- _Exercise details_
Go over the records and copy every line with the string "Qcrit".

┏━━

(* Consider the model $y_{it}=x_{it}'\theta^0_{k_i^0}+\varepsilon_{it}$ described in the context and suppose Assumptions 1 and 2 (stated in the context) hold. Then for $\eta>0$ small enough and for all $\delta>0$, $$\sup_{\boldsymbol\theta\in\mathcal N_\eta}\frac1N\sum_{i=1}^N1\{\widehat k_i^{(K^0)}(\boldsymbol\theta)\neq k_i^0\}=o_p(T^{-\delta})$$ as $N,T\to\infty$.
   Context: Model: $y_{it}=x_{it}'\theta^0_{k_i^0}+\varepsilon_{it}$, $i\le N$, $t\le T$, random $x_{it}\in\mathbb{R}^p$, random $\varepsilon_{it}$, nonrandom $k_i^0\in[K^0]$, $\theta^0_k\in\Theta$, $G_k^0=\{i:k_i^0=k\}$, $N_k^0=|G_k^0|$. For $\boldsymbol\theta=(\theta_1,\dots,\theta_{K^0})$, $\widehat k_i^{(K^0)}(\boldsymbol\theta)=\arg\min_{k\in[K^0]}\sum_t(y_{it}-x_{it}'\theta_k)^2$. For $\eta>0$, $\mathcal N_\eta=\{\boldsymbol\theta\in\Theta^{K^0}:\|\theta_k-\theta_k^0\|^2<\eta\ \forall k\in[K^0]\}$. Assumption 1: $K^0$ fixed; $N_k^0=\tau_kN^{\alpha_k}$, $\tau_k$ bounded away from $0,\infty$, $\alpha_k\in[0,1]$, $N_k^0\ge1$, $\sum_kN_k^0=N$, $1=\alpha_1=\dots=\alpha_m>\alpha_{m+1}\ge\dots\ge\alpha_{K^0}\ge0$ for some $m\in[K^0-1]$. Assumption 2: constants $M,c>0$ with (a) $\Theta$ compact; (b) $E\|x_{it}\|^4\le M$; (c) $E\varepsilon_{it}=0$, $E\varepsilon_{it}^4\le M$; (d) $(NT)^{-1/2}\sum_{i,t}x_{it}\varepsilon_{it}=O_p(1)$; (e) with $\rho_{NT}(\boldsymbol\gamma_N,k,\tilde k)$ the minimum eigenvalue of $(N_k^0)^{-1}\sum_i1\{k_i^0=k\}1\{k_i=\tilde k\}T^{-1}\sum_tx_{it}x_{it}'$, some $\widehat\rho_{NT}\xrightarrow{p}\rho>0$ satisfies $\min_{\boldsymbol\gamma_N\in[K^0]^N}\max_{\tilde k}\rho_{NT}(\boldsymbol\gamma_N,k,\tilde k)\ge\widehat\rho_{NT}$ for all $k$, large $T$; (f) $\lambda_{\min}(T^{-1}\sum_tx_{it}x_{it}')\ge\widehat c_T$ for all $i$, large $T$, $\lim\widehat c_T>c$; (g) if $\alpha_{K^0}\ge1/2$, $N/T^\nu\to0$ for some $\nu>0$; if $\alpha_{K^0}<1/2$, $N^{1-2\alpha_{K^0}}/T\to0$; (h) $\|\theta^0_k-\theta^0_{\tilde k}\|>c$ for $k\ne\tilde k$; (i) $\sup_iP(T^{-1}\sum_t\|x_{it}\|^2\ge M)=o(T^{-\delta})$ for all $\delta>0$; (j) for each $\epsilon>0$, $\sup_iP(\|T^{-1}\sum_tx_{it}\varepsilon_{it}\|\ge\epsilon)=o(T^{-\delta})$ for all $\delta>0$; (k) $(NT)^{-1}\sum_{i,t}\varepsilon^2_{it}\xrightarrow{p}\sigma^2>0$. *)

theory Defs
  imports "HOL-Probability.Probability"
begin

definition min_eig :: "real^'p^'p \<Rightarrow> real" where
  "min_eig A = Min {l. \<exists>v::real^'p. v \<noteq> 0 \<and> A *v v = l *\<^sub>R v}"

definition outer :: "real^'p \<Rightarrow> real^'p^'p" where
  "outer v = (\<chi> i j. v $ i * v $ j)"

definition outer_prob :: "'w measure \<Rightarrow> 'w set \<Rightarrow> real" where
  "outer_prob M A = Inf (measure M ` {B \<in> sets M. A \<subseteq> B})"

definition little_o_seq :: "(nat \<Rightarrow> real) \<Rightarrow> (nat \<Rightarrow> real) \<Rightarrow> bool" where
  "little_o_seq f r \<longleftrightarrow> (\<lambda>n. f n / r n) \<longlonglongrightarrow> 0"

definition little_op :: "'w measure \<Rightarrow> (nat \<Rightarrow> 'w \<Rightarrow> real) \<Rightarrow> (nat \<Rightarrow> real) \<Rightarrow> bool" where
  "little_op M Z r \<longleftrightarrow> (\<forall>e>0. (\<lambda>n. outer_prob M {\<omega>\<in>space M. \<bar>Z n \<omega>\<bar> > e * r n}) \<longlonglongrightarrow> 0)"

definition bounded_in_prob :: "'w measure \<Rightarrow> (nat \<Rightarrow> 'w \<Rightarrow> 'b::real_normed_vector) \<Rightarrow> bool" where
  "bounded_in_prob M Z \<longleftrightarrow> (\<forall>e>0. \<exists>B. eventually (\<lambda>n. measure M {\<omega>\<in>space M. norm (Z n \<omega>) > B} < e) sequentially)"

definition conv_in_prob :: "'w measure \<Rightarrow> (nat \<Rightarrow> 'w \<Rightarrow> real) \<Rightarrow> real \<Rightarrow> bool" where
  "conv_in_prob M Z c \<longleftrightarrow> (\<forall>e>0. (\<lambda>n. measure M {\<omega>\<in>space M. \<bar>Z n \<omega> - c\<bar> > e}) \<longlonglongrightarrow> 0)"

definition ymod :: "(nat \<Rightarrow> nat \<Rightarrow> nat \<Rightarrow> 'w \<Rightarrow> real^'p) \<Rightarrow> (nat \<Rightarrow> nat \<Rightarrow> nat \<Rightarrow> 'w \<Rightarrow> real)
    \<Rightarrow> (nat \<Rightarrow> real^'p) \<Rightarrow> (nat \<Rightarrow> nat \<Rightarrow> nat) \<Rightarrow> nat \<Rightarrow> nat \<Rightarrow> nat \<Rightarrow> 'w \<Rightarrow> real" where
  "ymod x eps theta0 k0 n i t \<omega> = x n i t \<omega> \<bullet> theta0 (k0 n i) + eps n i t \<omega>"

definition Qcrit :: "(nat \<Rightarrow> nat \<Rightarrow> nat \<Rightarrow> 'w \<Rightarrow> real^'p) \<Rightarrow> (nat \<Rightarrow> nat \<Rightarrow> nat \<Rightarrow> 'w \<Rightarrow> real)
    \<Rightarrow> (nat \<Rightarrow> real^'p) \<Rightarrow> (nat \<Rightarrow> nat \<Rightarrow> nat) \<Rightarrow> (nat \<Rightarrow> nat)
    \<Rightarrow> nat \<Rightarrow> (nat \<Rightarrow> real^'p) \<Rightarrow> nat \<Rightarrow> nat \<Rightarrow> 'w \<Rightarrow> real" where
  "Qcrit x eps theta0 k0 T n theta i k \<omega> =
     (\<Sum>t=1..T n. (ymod x eps theta0 k0 n i t \<omega> - x n i t \<omega> \<bullet> theta k)\<^sup>2)"

definition rhoNT :: "(nat \<Rightarrow> nat \<Rightarrow> nat \<Rightarrow> 'w \<Rightarrow> real^'p) \<Rightarrow> (nat \<Rightarrow> nat \<Rightarrow> nat) \<Rightarrow> (nat \<Rightarrow> nat)
    \<Rightarrow> (nat \<Rightarrow> nat) \<Rightarrow> nat \<Rightarrow> (nat \<Rightarrow> nat) \<Rightarrow> nat \<Rightarrow> nat \<Rightarrow> 'w \<Rightarrow> real" where
  "rhoNT x k0 N T n \<gamma> k kt \<omega> =
     min_eig ((1 / real (card {i\<in>{1..N n}. k0 n i = k})) *\<^sub>R
       (\<Sum>i\<in>{1..N n}. (if k0 n i = k \<and> \<gamma> i = kt then 1 else 0) *\<^sub>R
          ((1 / real (T n)) *\<^sub>R (\<Sum>t=1..T n. outer (x n i t \<omega>)))))"

end

theory Submission
  imports Defs
begin

text \<open>Call individual i regular on a sample path if the Gram matrix of its regressors has
  smallest eigenvalue at least c, the mean squared norm of its regressors is below Mb, and its
  score T^-1 \<Sigma>t \<epsilon>it xit has norm below a small e0. If i belongs to group k and \<theta> lies in N\<eta>,
  the least-squares criterion of a regular i is strictly smaller at \<theta>k than at any \<theta>k' with
  k' \<noteq> k: the fit term is at least c (c/2)^2 by the separation of the true values and dominates
  both the drift term \<eta> Mb and the cross term with the score. Hence, uniformly over N\<eta>, the
  misclassified fraction is at most the fraction of irregular individuals, whose expectation is
  o(T^-\<delta>) by Assumption 2(i),(j), and Markov's inequality gives the o_p bound.\<close>

abbreviation sample_gram :: "(nat \<Rightarrow> real^'p) \<Rightarrow> nat \<Rightarrow> real^'p^'p" where
  "sample_gram x T \<equiv> (1 / real T) *\<^sub>R (\<Sum>t=1..T. outer (x t))"

lemma inner_outer_mult: "u \<bullet> (outer v *v w) = (v \<bullet> u) * (v \<bullet> w)"
  unfolding outer_def matrix_vector_mult_def inner_vec_def
  by (simp add: sum_distrib_left sum_distrib_right, subst sum.swap) (simp add: ac_simps)

lemma transpose_outer: "transpose (outer v) = outer v"
  by (simp add: transpose_def outer_def vec_eq_iff mult.commute)

lemma transpose_sum: "transpose (\<Sum>i\<in>S. A i) = (\<Sum>i\<in>S. transpose (A i :: 'a::comm_monoid_add^'n^'m))"
  by (induction S rule: infinite_finite_induct) (auto simp: transpose_def vec_eq_iff)

lemma matrix_vector_mult_sum: "(\<Sum>i\<in>S. A i) *v w = (\<Sum>i\<in>S. A i *v (w :: real^'n))"
  by (induction S rule: infinite_finite_induct) (auto simp: matrix_vector_mult_add_rdistrib)

lemma transpose_sample_gram: "transpose (sample_gram x T) = sample_gram x T"
  by (simp add: transpose_scalar transpose_sum transpose_outer)

lemma inner_sample_gram:
  "u \<bullet> (sample_gram x T *v w) = (1 / real T) * (\<Sum>t=1..T. (x t \<bullet> u) * (x t \<bullet> w))"
  by (simp add: scaleR_matrix_vector_assoc[symmetric] matrix_vector_mult_sum inner_sum_right inner_outer_mult)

┗━━

- _Response to the task_
definition Qcrit :: "(nat \<Rightarrow> nat \<Rightarrow> nat \<Rightarrow> 'w \<Rightarrow> real^'p) \<Rightarrow> (nat \<Rightarrow> nat \<Rightarrow> nat \<Rightarrow> 'w \<Rightarrow> real)
  "Qcrit x eps theta0 k0 T n theta i k \<omega> =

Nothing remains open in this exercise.